PROBLEM: Reprint the full listing exactly.

•••••

lemma galerkin_form_op_limit_eigenvector:
  fixes xs :: "nat \<Rightarrow> 'a::real_inner"
  assumes sa: "selfadjoint_op J D A" and gal: "galerkin_seq J L"
    and sq: "is_sqrt_op J D A DS S" and reg: "op_regular DS S L"
    and nk: "filterlim nk at_top sequentially"
    and xs_in: "\<forall>k. xs k \<in> L (nk k)" and xs_norm: "\<forall>k. norm (xs k) = 1"
    and weak: "weakly_conv xs x"
    and res: "(\<lambda>k. galerkin_form_op L S (nk k) (xs k) - lam *\<^sub>R xs k) \<longlonglongrightarrow> 0"
  shows "x \<in> D \<and> A x = lam *\<^sub>R x"
proof (rule selfadjoint_op_eigenvector[OF sa], intro ballI)
  define w where "w k = galerkin_form_op L S (nk k) (xs k)" for k
  have saS: "selfadjoint_op J DS S" and D_eq: "D = {x\<in>DS. S x \<in> DS}"
    and SS: "\<forall>x\<in>D. S (S x) = A x" using sq unfolding is_sqrt_op_def by blast+
  have LDS: "L n \<subseteq> DS" for n using reg unfolding op_regular_def by blast
  have w_repr: "\<forall>y\<in>L (nk k). inner y (w k) = inner (S y) (S (xs k))" for k
  proof -
    have "subspace (L n)" "finite_dimensional (L n)" for n
      using gal unfolding galerkin_seq_def complex_subspace_def by auto
    moreover have "\<forall>x\<in>L n. \<forall>y\<in>L n. S (x + y) = S x + S y"
      "\<forall>x\<in>L n. \<forall>c. S (c *\<^sub>R x) = c *\<^sub>R S x" for n
      using saS LDS unfolding selfadjoint_op_def complex_linear_op_def by blast+
    ultimately show ?thesis unfolding w_def by (rule galerkin_form_op_characterization(2))
  qed
  obtain K where K: "\<And>k. norm (w k - lam *\<^sub>R xs k) \<le> K"
    using convergent_imp_Bseq[OF convergentI[OF res[folded w_def]]] unfolding Bseq_def by blast
  have S_xs_bound: "\<forall>k. norm (S (xs k)) \<le> sqrt (K + \<bar>lam\<bar>)"
  proof
    fix k
    have "(norm (S (xs k)))\<^sup>2 = inner (xs k) (w k)"
      using w_repr[of k] xs_in by (simp add: power2_norm_eq_inner)
    also have "\<dots> \<le> norm (w k)" using norm_cauchy_schwarz[of "xs k" "w k"] xs_norm by simp
    also have "\<dots> \<le> norm (lam *\<^sub>R xs k) + norm (w k - lam *\<^sub>R xs k)"
      by (rule norm_triangle_sub)
    also have "\<dots> \<le> K + \<bar>lam\<bar>" using K[of k] xs_norm by simp
    finally show "norm (S (xs k)) \<le> sqrt (K + \<bar>lam\<bar>)" by (rule real_le_rsqrt)
  qed
  fix f assume f: "f \<in> D"
  then have f_DS: "f \<in> DS" "S f \<in> DS" using D_eq by auto
  obtain g where g: "\<forall>k. g k \<in> L (nk k)" "g \<longlonglongrightarrow> f" "(\<lambda>k. S (g k)) \<longlonglongrightarrow> S f"
    using op_regular_approx_subseq[OF reg f_DS(1) nk] .
  have "(\<lambda>k. inner (S (g k)) (S (xs k))) \<longlonglongrightarrow> lam * inner f x"
    using galerkin_residual_pairing_limit[OF g(2) res[folded w_def] weak, of 1] xs_norm
      w_repr g(1)
    by simp
  moreover have "(\<lambda>k. inner (S (g k)) (S (xs k))) \<longlonglongrightarrow> inner (A f) x"
  proof (rule tendsto_inner_bounded[OF g(3) S_xs_bound])
    have "inner (S (S f)) (xs k) = inner (S f) (S (xs k))" for k
    proof -
      have "xs k \<in> DS" using xs_in LDS by blast
      then show ?thesis using saS f_DS(2) unfolding selfadjoint_op_def by blast
    qed
    then have "inner (S f) (S (xs k)) = inner (A f) (xs k)" for k
      using SS f by simp
    then show "(\<lambda>k. inner (S f) (S (xs k))) \<longlonglongrightarrow> inner (A f) x"
      using weakly_conv_inner_left[OF weak] by simp
  qed
  ultimately show "inner (A f) x = inner f (lam *\<^sub>R x)"
    using LIMSEQ_unique by fastforce
qed

theorem lemma3p2:
  fixes J :: "'a::{real_inner, complete_space} \<Rightarrow> 'a"
    and D :: "'a set" and A :: "'a \<Rightarrow> 'a"
    and L :: "nat \<Rightarrow> 'a set"
    and lam :: real and nk :: "nat \<Rightarrow> nat" and xs :: "nat \<Rightarrow> 'a" and x :: 'a
  assumes cs: "complex_structure J"
    and sep: "separable_space TYPE('a)"
    and infdim: "\<not> finite_dimensional (UNIV :: 'a set)"
    and sa: "selfadjoint_op J D A"
    and gal: "galerkin_seq J L"
    and nk: "filterlim nk at_top sequentially"
    and xs_in: "\<forall>k. xs k \<in> L (nk k)"
    and xs_norm: "\<forall>k. norm (xs k) = 1"
    and weak: "weakly_conv xs x"
  shows "(op_regular D A L \<longrightarrow>
            (\<lambda>k. galerkin_op L A (nk k) (xs k) - lam *\<^sub>R xs k) \<longlonglongrightarrow> 0 \<longrightarrow>
            x \<in> D \<and> A x = lam *\<^sub>R x)
       \<and> (\<forall>DS S. nonneg_op D A \<and> is_sqrt_op J D A DS S \<and> op_regular DS S L \<longrightarrow>
            (\<lambda>k. galerkin_form_op L S (nk k) (xs k) - lam *\<^sub>R xs k) \<longlonglongrightarrow> 0 \<longrightarrow>
            x \<in> D \<and> A x = lam *\<^sub>R x)"
  using galerkin_op_limit_eigenvector[OF sa gal _ nk xs_in xs_norm weak]
    galerkin_form_op_limit_eigenvector[OF sa gal _ _ nk xs_in xs_norm weak]
  by blast

end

•••••

RESULT OF THE EXERCISE:
lemma galerkin_form_op_limit_eigenvector:
  fixes xs :: "nat \<Rightarrow> 'a::real_inner"
  assumes sa: "selfadjoint_op J D A" and gal: "galerkin_seq J L"
    and sq: "is_sqrt_op J D A DS S" and reg: "op_regular DS S L"
    and nk: "filterlim nk at_top sequentially"
    and xs_in: "\<forall>k. xs k \<in> L (nk k)" and xs_norm: "\<forall>k. norm (xs k) = 1"
    and weak: "weakly_conv xs x"
    and res: "(\<lambda>k. galerkin_form_op L S (nk k) (xs k) - lam *\<^sub>R xs k) \<longlonglongrightarrow> 0"
  shows "x \<in> D \<and> A x = lam *\<^sub>R x"
proof (rule selfadjoint_op_eigenvector[OF sa], intro ballI)
  define w where "w k = galerkin_form_op L S (nk k) (xs k)" for k
  have saS: "selfadjoint_op J DS S" and D_eq: "D = {x\<in>DS. S x \<in> DS}"
    and SS: "\<forall>x\<in>D. S (S x) = A x" using sq unfolding is_sqrt_op_def by blast+
  have LDS: "L n \<subseteq> DS" for n using reg unfolding op_regular_def by blast
  have w_repr: "\<forall>y\<in>L (nk k). inner y (w k) = inner (S y) (S (xs k))" for k
  proof -
    have "subspace (L n)" "finite_dimensional (L n)" for n
      using gal unfolding galerkin_seq_def complex_subspace_def by auto
    moreover have "\<forall>x\<in>L n. \<forall>y\<in>L n. S (x + y) = S x + S y"
      "\<forall>x\<in>L n. \<forall>c. S (c *\<^sub>R x) = c *\<^sub>R S x" for n
      using saS LDS unfolding selfadjoint_op_def complex_linear_op_def by blast+
    ultimately show ?thesis unfolding w_def by (rule galerkin_form_op_characterization(2))
  qed
  obtain K where K: "\<And>k. norm (w k - lam *\<^sub>R xs k) \<le> K"
    using convergent_imp_Bseq[OF convergentI[OF res[folded w_def]]] unfolding Bseq_def by blast
  have S_xs_bound: "\<forall>k. norm (S (xs k)) \<le> sqrt (K + \<bar>lam\<bar>)"
  proof
    fix k
    have "(norm (S (xs k)))\<^sup>2 = inner (xs k) (w k)"
      using w_repr[of k] xs_in by (simp add: power2_norm_eq_inner)
    also have "\<dots> \<le> norm (w k)" using norm_cauchy_schwarz[of "xs k" "w k"] xs_norm by simp
    also have "\<dots> \<le> norm (lam *\<^sub>R xs k) + norm (w k - lam *\<^sub>R xs k)"
      by (rule norm_triangle_sub)
    also have "\<dots> \<le> K + \<bar>lam\<bar>" using K[of k] xs_norm by simp
    finally show "norm (S (xs k)) \<le> sqrt (K + \<bar>lam\<bar>)" by (rule real_le_rsqrt)
  qed
  fix f assume f: "f \<in> D"
  then have f_DS: "f \<in> DS" "S f \<in> DS" using D_eq by auto
  obtain g where g: "\<forall>k. g k \<in> L (nk k)" "g \<longlonglongrightarrow> f" "(\<lambda>k. S (g k)) \<longlonglongrightarrow> S f"
    using op_regular_approx_subseq[OF reg f_DS(1) nk] .
  have "(\<lambda>k. inner (S (g k)) (S (xs k))) \<longlonglongrightarrow> lam * inner f x"
    using galerkin_residual_pairing_limit[OF g(2) res[folded w_def] weak, of 1] xs_norm
      w_repr g(1)
    by simp
  moreover have "(\<lambda>k. inner (S (g k)) (S (xs k))) \<longlonglongrightarrow> inner (A f) x"
  proof (rule tendsto_inner_bounded[OF g(3) S_xs_bound])
    have "inner (S (S f)) (xs k) = inner (S f) (S (xs k))" for k
    proof -
      have "xs k \<in> DS" using xs_in LDS by blast
      then show ?thesis using saS f_DS(2) unfolding selfadjoint_op_def by blast
    qed
    then have "inner (S f) (S (xs k)) = inner (A f) (xs k)" for k
      using SS f by simp
    then show "(\<lambda>k. inner (S f) (S (xs k))) \<longlonglongrightarrow> inner (A f) x"
      using weakly_conv_inner_left[OF weak] by simp
  qed
  ultimately show "inner (A f) x = inner f (lam *\<^sub>R x)"
    using LIMSEQ_unique by fastforce
qed

theorem lemma3p2:
  fixes J :: "'a::{real_inner, complete_space} \<Rightarrow> 'a"
    and D :: "'a set" and A :: "'a \<Rightarrow> 'a"
    and L :: "nat \<Rightarrow> 'a set"
    and lam :: real and nk :: "nat \<Rightarrow> nat" and xs :: "nat \<Rightarrow> 'a" and x :: 'a
  assumes cs: "complex_structure J"
    and sep: "separable_space TYPE('a)"
    and infdim: "\<not> finite_dimensional (UNIV :: 'a set)"
    and sa: "selfadjoint_op J D A"
    and gal: "galerkin_seq J L"
    and nk: "filterlim nk at_top sequentially"
    and xs_in: "\<forall>k. xs k \<in> L (nk k)"
    and xs_norm: "\<forall>k. norm (xs k) = 1"
    and weak: "weakly_conv xs x"
  shows "(op_regular D A L \<longrightarrow>
            (\<lambda>k. galerkin_op L A (nk k) (xs k) - lam *\<^sub>R xs k) \<longlonglongrightarrow> 0 \<longrightarrow>
            x \<in> D \<and> A x = lam *\<^sub>R x)
       \<and> (\<forall>DS S. nonneg_op D A \<and> is_sqrt_op J D A DS S \<and> op_regular DS S L \<longrightarrow>
            (\<lambda>k. galerkin_form_op L S (nk k) (xs k) - lam *\<^sub>R xs k) \<longlonglongrightarrow> 0 \<longrightarrow>
            x \<in> D \<and> A x = lam *\<^sub>R x)"
  using galerkin_op_limit_eigenvector[OF sa gal _ nk xs_in xs_norm weak]
    galerkin_form_op_limit_eigenvector[OF sa gal _ _ nk xs_in xs_norm weak]
  by blast

end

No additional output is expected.